Wireworms


Wireworms

 

the larvae of click beetles (Elateridae); pests of many agricultural crops and trees. The body resembles a piece of wire: it is long, thin, cylindrical (less commonly, flat), and covered with a thick cuticula. The coloration is yellow, cinnamon brown, or chestnut; rarely is it gray. There are three pairs of legs of equal length (in contrast to the legs of false wire-worms of the family Tenebrionidae). The USSR has more than 50 species of destructive wireworms. The worms usually live in soil, and their development into adults takes three to five years.

Many wireworm species feed on sown seeds and on the underground parts of plants. The most commonly infested crops include corn, sugar beets, potatoes, wheat, and rye. Wireworms cause considerable damage to seedlings in nurseries and in shel-terbelts for fields. The most common, numerous, and destructive larvae are Agriotes obscurus, A. sputator, A. linealus, A. gur-gistanus, Selatosumus latus, S. aeneus, and S. spretus.

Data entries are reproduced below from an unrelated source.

lemma annulus_subset_cball: "annulus r R \<subseteq> cball 0 R"
  by (auto simp: annulus_def)

lemma annulus_Un:
  assumes "r \<le> s" "s \<le> R"
  shows "annulus r R = annulus r s \<union> annulus s R" and "annulus r s \<inter> annulus s R = {}"
  using assms by (auto simp: annulus_def)

lemma inverse_square_has_integral:
  fixes a m R :: real
  assumes "0 < m" "m \<le> R"
  shows "((\<lambda>t. a / t^2) has_integral a * (1 / m - 1 / R)) {m..R}"
proof -
  have "((\<lambda>t. a / t^2) has_integral (- a / R) - (- a / m)) {m..R}"
  proof (rule fundamental_theorem_of_calculus[OF assms(2)])
    fix x assume "x \<in> {m..R}"
    then have "x \<noteq> 0" using assms by auto
    then show "((\<lambda>t. - a / t) has_vector_derivative (a / x^2)) (at x within {m..R})"
      by (auto intro!: derivative_eq_intros simp: has_real_derivative_iff_has_vector_derivative[symmetric]
          power2_eq_square field_simps)
  qed
  then show ?thesis by (simp add: algebra_simps)
qed

lemma radial_weight_bound:
  fixes r R x :: real
  assumes "0 < r" "r \<le> R"
  shows "\<bar>1 / max r x - 1 / R\<bar> \<le> 1 / r"
proof -
  have "0 < 1 / max r x" "1 / max r x \<le> 1 / r"
    using assms by (auto intro!: divide_left_mono)
  moreover have "0 < 1 / R" "1 / R \<le> 1 / r"
    using assms by (auto intro!: divide_left_mono)
  ultimately show ?thesis by linarith
qed

locale finite_on_discs =
  fixes M :: "complex measure"
  assumes sets_M [measurable_cong]: "sets M = sets borel"
    and emeasure_cball_finite: "emeasure M (cball 0 s) < \<infinity>"
begin

lemma space_M [simp]: "space M = UNIV"
  using sets_eq_imp_space_eq[OF sets_M] by simp

lemma annulus_in_sets [measurable]: "annulus r R \<in> sets M"
  unfolding annulus_def by measurable

lemma emeasure_bounded_finite:
  assumes "A \<subseteq> cball 0 \<rho>"
  shows "emeasure M A < \<infinity>"
proof -
  have "emeasure M A \<le> emeasure M (cball 0 \<rho>)"
    using assms by (intro emeasure_mono) auto
  then show ?thesis
    using emeasure_cball_finite by (rule le_less_trans)
qed

lemma measure_mono_cball:
  assumes "A \<subseteq> cball 0 \<rho>" "A \<in> sets M"
  shows "measure M A \<le> measure M (cball 0 \<rho>)"
  using assms emeasure_cball_finite by (intro measure_mono_fmeasurable) (auto intro: fmeasurableI)

lemma set_integrable_bounded:
  fixes g :: "complex \<Rightarrow> real"
  assumes "A \<subseteq> cball 0 \<rho>" "A \<in> sets M" "g \<in> borel_measurable M" "\<And>z. z \<in> A \<Longrightarrow> \<bar>g z\<bar> \<le> c"
  shows "set_integrable M A g"
proof (rule set_integrable_bound)
  show "set_integrable M A (\<lambda>_. c)"
    using emeasure_bounded_finite[OF assms(1)] assms(2)
    by (simp add: set_integrable_def integrable_real_indicator)
  show "AE z in M. z \<in> A \<longrightarrow> norm (g z) \<le> norm c"
    using assms(4) by (auto intro!: AE_I2 intro: order.trans[OF _ abs_ge_self])
qed (use assms(2,3) in \<open>auto simp: set_borel_measurable_def intro!: borel_measurable_times\<close>)

sublocale sigma_finite_measure M
proof
  show "\<exists>A. countable A \<and> A \<subseteq> sets M \<and> \<Union> A = space M \<and> (\<forall>a\<in>A. emeasure M a \<noteq> \<infinity>)"
  proof (intro exI[of _ "range (\<lambda>n::nat. cball 0 (real n))"] conjI)
    show "\<Union> (range (\<lambda>n::nat. cball 0 (real n))) = space M"
      by (auto simp: mem_cball_0 intro: real_arch_simple)
  qed (use emeasure_cball_finite in \<open>auto simp: less_top[symmetric]\<close>)
qed

context
  fixes f :: "complex \<Rightarrow> real"
  assumes f_measurable [measurable]: "f \<in> borel_measurable borel"
    and f_nonneg: "\<And>z. 0 \<le> f z" and f_le_1: "\<And>z. f z \<le> 1"
begin

lemma set_integrable_cball: "set_integrable M (cball 0 t) f"
  using f_nonneg f_le_1 by (intro set_integrable_bounded[where \<rho>=t and c=1]) auto

lemma disc_integral_nonneg: "0 \<le> (LINT z:cball 0 t|M. f z)"
  unfolding set_lebesgue_integral_def using f_nonneg
  by (intro Bochner_Integration.integral_nonneg) (simp add: indicator_def)

lemma disc_integral_le_measure: "(LINT z:cball 0 t|M. f z) \<le> measure M (cball 0 t)"
proof -
  have "(LINT z:cball 0 t|M. f z) \<le> (LINT z:cball 0 t|M. 1)"
    using f_le_1 by (intro set_integral_mono set_integrable_cball set_integrable_bounded[where \<rho>=t and c=1]) auto
  also have "\<dots> = measure M (cball 0 t)"
    using emeasure_cball_finite[of t] by (subst set_integral_const) auto
  finally show ?thesis .
qed

lemma disc_integral_mono: "s \<le> t \<Longrightarrow> (LINT z:cball 0 s|M. f z) \<le> (LINT z:cball 0 t|M. f z)"
  using set_integrable_cball f_nonneg unfolding set_lebesgue_integral_def set_integrable_def
  by (intro Bochner_Integration.integral_mono) (auto simp: indicator_def mem_cball_0)

lemma set_integrable_annulus: "0 < r \<Longrightarrow> set_integrable M (annulus r R) (\<lambda>z. f z / cmod z)"
  using f_nonneg f_le_1 annulus_subset_cball
  by (intro set_integrable_bounded[where \<rho>=R and c="1 / r"]) (auto simp: annulus_def intro!: frac_le)

lemma annulus_integral_nonneg: "0 \<le> (LINT z:annulus r R|M. f z / cmod z)"
  unfolding set_lebesgue_integral_def using f_nonneg
  by (intro Bochner_Integration.integral_nonneg) (simp add: indicator_def)

lemma annulus_integral_le:
  assumes "0 < r"
  shows "(LINT z:annulus r R|M. f z / cmod z) \<le> measure M (cball 0 R) / r"
proof -
  have "(LINT z:annulus r R|M. f z / cmod z) \<le> (LINT z:annulus r R|M. 1 / r)"
    using assms f_nonneg f_le_1 annulus_subset_cball
    by (intro set_integral_mono set_integrable_annulus set_integrable_bounded[where \<rho>=R and c="1 / r"])
       (auto simp: annulus_def intro!: frac_le)
  also have "\<dots> = measure M (annulus r R) / r"
    using emeasure_bounded_finite[OF annulus_subset_cball, of r R] by (subst set_integral_const) auto
  also have "\<dots> \<le> measure M (cball 0 R) / r"
    using assms by (intro divide_right_mono measure_mono_cball annulus_subset_cball) auto
  finally show ?thesis .
qed

lemma annulus_integral_split:
  assumes "0 < r" "r \<le> s" "s \<le> R"
  shows "(LINT z:annulus r R|M. f z / cmod z)
       = (LINT z:annulus r s|M. f z / cmod z) + (LINT z:annulus s R|M. f z / cmod z)"
  unfolding annulus_Un(1)[OF assms(2,3)] using assms
  by (intro set_integral_Un annulus_Un(2) set_integrable_annulus) auto

lemma annulus_integral_enlarge:
  assumes "0 < r'" "r' \<le> r" "r \<le> R" "R \<le> R'"
  shows "0 \<le> (LINT z:annulus r' R'|M. f z / cmod z) - (LINT z:annulus r R|M. f z / cmod z)"
    and "(LINT z:annulus r' R'|M. f z / cmod z) - (LINT z:annulus r R|M. f z / cmod z)
           \<le> measure M (cball 0 r) / r' + measure M (cball 0 R') / R"
proof -
  have "(LINT z:annulus r' R'|M. f z / cmod z) - (LINT z:annulus r R|M. f z / cmod z)
      = (LINT z:annulus r' r|M. f z / cmod z) + (LINT z:annulus R R'|M. f z / cmod z)"
    using assms annulus_integral_split[of r' r R'] annulus_integral_split[of r R R'] by simp
  moreover have "(LINT z:annulus r' r|M. f z / cmod z) \<le> measure M (cball 0 r) / r'"
    using assms by (intro annulus_integral_le)
  moreover have "(LINT z:annulus R R'|M. f z / cmod z) \<le> measure M (cball 0 R') / R"
    using assms by (intro annulus_integral_le) simp
  ultimately show "0 \<le> (LINT z:annulus r' R'|M. f z / cmod z) - (LINT z:annulus r R|M. f z / cmod z)"
    and "(LINT z:annulus r' R'|M. f z / cmod z) - (LINT z:annulus r R|M. f z / cmod z)
           \<le> measure M (cball 0 r) / r' + measure M (cball 0 R') / R"
    using annulus_integral_nonneg[of r' r] annulus_integral_nonneg[of R R'] by linarith+
qed

lemma set_integrable_cball_mult:
  assumes "w \<in> borel_measurable borel" "\<And>z. \<bar>w z\<bar> \<le> B"
  shows "set_integrable M (cball 0 R) (\<lambda>z. f z * w z)"
proof (rule set_integrable_bounded[where \<rho>=R and c=B])
  show "\<bar>f z * w z\<bar> \<le> B" for z
    using assms(2)[of z] f_nonneg[of z] f_le_1[of z]
    by (auto simp: abs_mult intro: order.trans[OF mult_left_le_one_le])
qed (use assms(1) in simp_all)

lemma radial_integral_eq_disc_integral:
  assumes "0 < r" "r \<le> R"
  shows "(LINT t:{r..R}|lborel. (LINT z:cball 0 t|M. f z) / t^2)
       = (LINT z:cball 0 R|M. f z * (1 / max r (cmod z) - 1 / R))"
proof -
  define h where "h t = (LINT z:cball 0 t|M. f z)" for t
  define c where "c z = 1 / max r (cmod z) - 1 / R" for z :: complex
  define F where "F z t = ennreal (if r \<le> t \<and> t \<le> R \<and> cmod z \<le> t then f z / t^2 else 0)" for z t
  have h_measurable [measurable]: "h \<in> borel_measurable borel"
    unfolding h_def using disc_integral_mono by (intro borel_measurable_mono monoI)
  have c_nonneg: "0 \<le> c z" if "z \<in> cball 0 R" for z
    using that assms by (auto simp: c_def field_simps)
  have h_indicator: "h t = (\<integral>z. indicator (cball 0 t) z * f z \<partial>M)" for t
    unfolding h_def set_lebesgue_integral_def by simp
  have inner: "ennreal (indicator {r..R} t * h t / t^2) = (\<integral>\<^sup>+ z. F z t \<partial>M)" for t
  proof -
    have "indicator {r..R} t * h t / t^2
        = (\<integral>z. indicator {r..R} t / t^2 * (indicator (cball 0 t) z * f z) \<partial>M)"
      unfolding h_indicator by simp
    also have "ennreal \<dots>
        = (\<integral>\<^sup>+ z. ennreal (indicator {r..R} t / t^2 * (indicator (cball 0 t) z * f z)) \<partial>M)"
      using set_integrable_cball[of t] f_nonneg
      by (intro nn_integral_eq_integral[symmetric]) (auto simp: set_integrable_def intro!: AE_I2)
    also have "\<dots> = (\<integral>\<^sup>+ z. F z t \<partial>M)"
      by (rule nn_integral_cong) (auto simp: F_def indicator_def mem_cball_0)
    finally show ?thesis .
  qed
  have outer: "(\<integral>\<^sup>+ t. F z t \<partial>lborel) = ennreal (indicator (cball 0 R) z * (f z * c z))" for z
  proof (cases "z \<in> cball 0 R")
    case True
    define m where "m = max r (cmod z)"
    have m: "0 < m" "m \<le> R" using True assms by (auto simp: m_def)
    have "(\<integral>\<^sup>+ t. F z t \<partial>lborel) = (\<integral>\<^sup>+ t. ennreal (indicator {m..R} t * (f z / t^2)) \<partial>lborel)"
      by (rule nn_integral_cong) (auto simp: F_def m_def indicator_def)
    also have "\<dots> = ennreal (f z * (1 / m - 1 / R))"
      using f_nonneg by (intro nn_integral_has_integral_lebesgue inverse_square_has_integral m) auto
    finally show ?thesis using True by (simp add: c_def m_def)
  next
    case False
    then have "F z = (\<lambda>t. 0)" by (auto simp: F_def fun_eq_iff mem_cball_0)
    then show ?thesis using False by simp
  qed
  have integrable_fc: "set_integrable M (cball 0 R) (\<lambda>z. f z * c z)"
    unfolding c_def by (rule set_integrable_cball_mult[OF _ radial_weight_bound[OF assms]]) simp
  interpret pair_sigma_finite M lborel
    by (intro pair_sigma_finite.intro sigma_finite_measure_axioms sigma_finite_lborel)
  have F_measurable: "case_prod F \<in> borel_measurable (M \<Otimes>\<^sub>M lborel)"
    unfolding F_def by measurable
  have "(LINT t:{r..R}|lborel. h t / t^2) = enn2real (\<integral>\<^sup>+ t. ennreal (indicator {r..R} t * h t / t^2) \<partial>lborel)"
    unfolding set_lebesgue_integral_def
    using disc_integral_nonneg
    by (subst integral_eq_nn_integral) (auto intro!: AE_I2 simp: h_def[symmetric])
  also have "\<dots> = enn2real (\<integral>\<^sup>+ z. \<integral>\<^sup>+ t. F z t \<partial>lborel \<partial>M)"
    unfolding inner using Fubini'[OF F_measurable] by simp
  also have "\<dots> = (LINT z:cball 0 R|M. f z * c z)"
    unfolding outer set_lebesgue_integral_def using integrable_fc f_nonneg c_nonneg
    by (subst nn_integral_eq_integral)
       (auto simp: set_integrable_def intro!: AE_I2 split: split_indicator)
  finally show ?thesis unfolding h_def c_def .
qed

There are several effective control measures, including destruction of weeds (especially feather grass, on which wire-worms often feed), use of ammonia fertilizers, and liming of acid soils. Also effective in destroying the larvae, pupae, and eggs of click beetles are autumn plowing, presowing cultivation of fall-plowed fields, and deep interrow tilling. Seeds may be treated with insecticides before sowing. To protect small areas the use of poisoned bait plants, that is, oat, barley, or corn seeds impregnated with insecticide, is effective. Broadcast before the actual crop is sown, the bait plants yield toxic shoots that destroy the wireworms.

REFERENCE

Pospelov, S. M., M. V. Arsen’eva, and G. S. Gruzdev. Zashchita rastenii. Leningrad, 1973.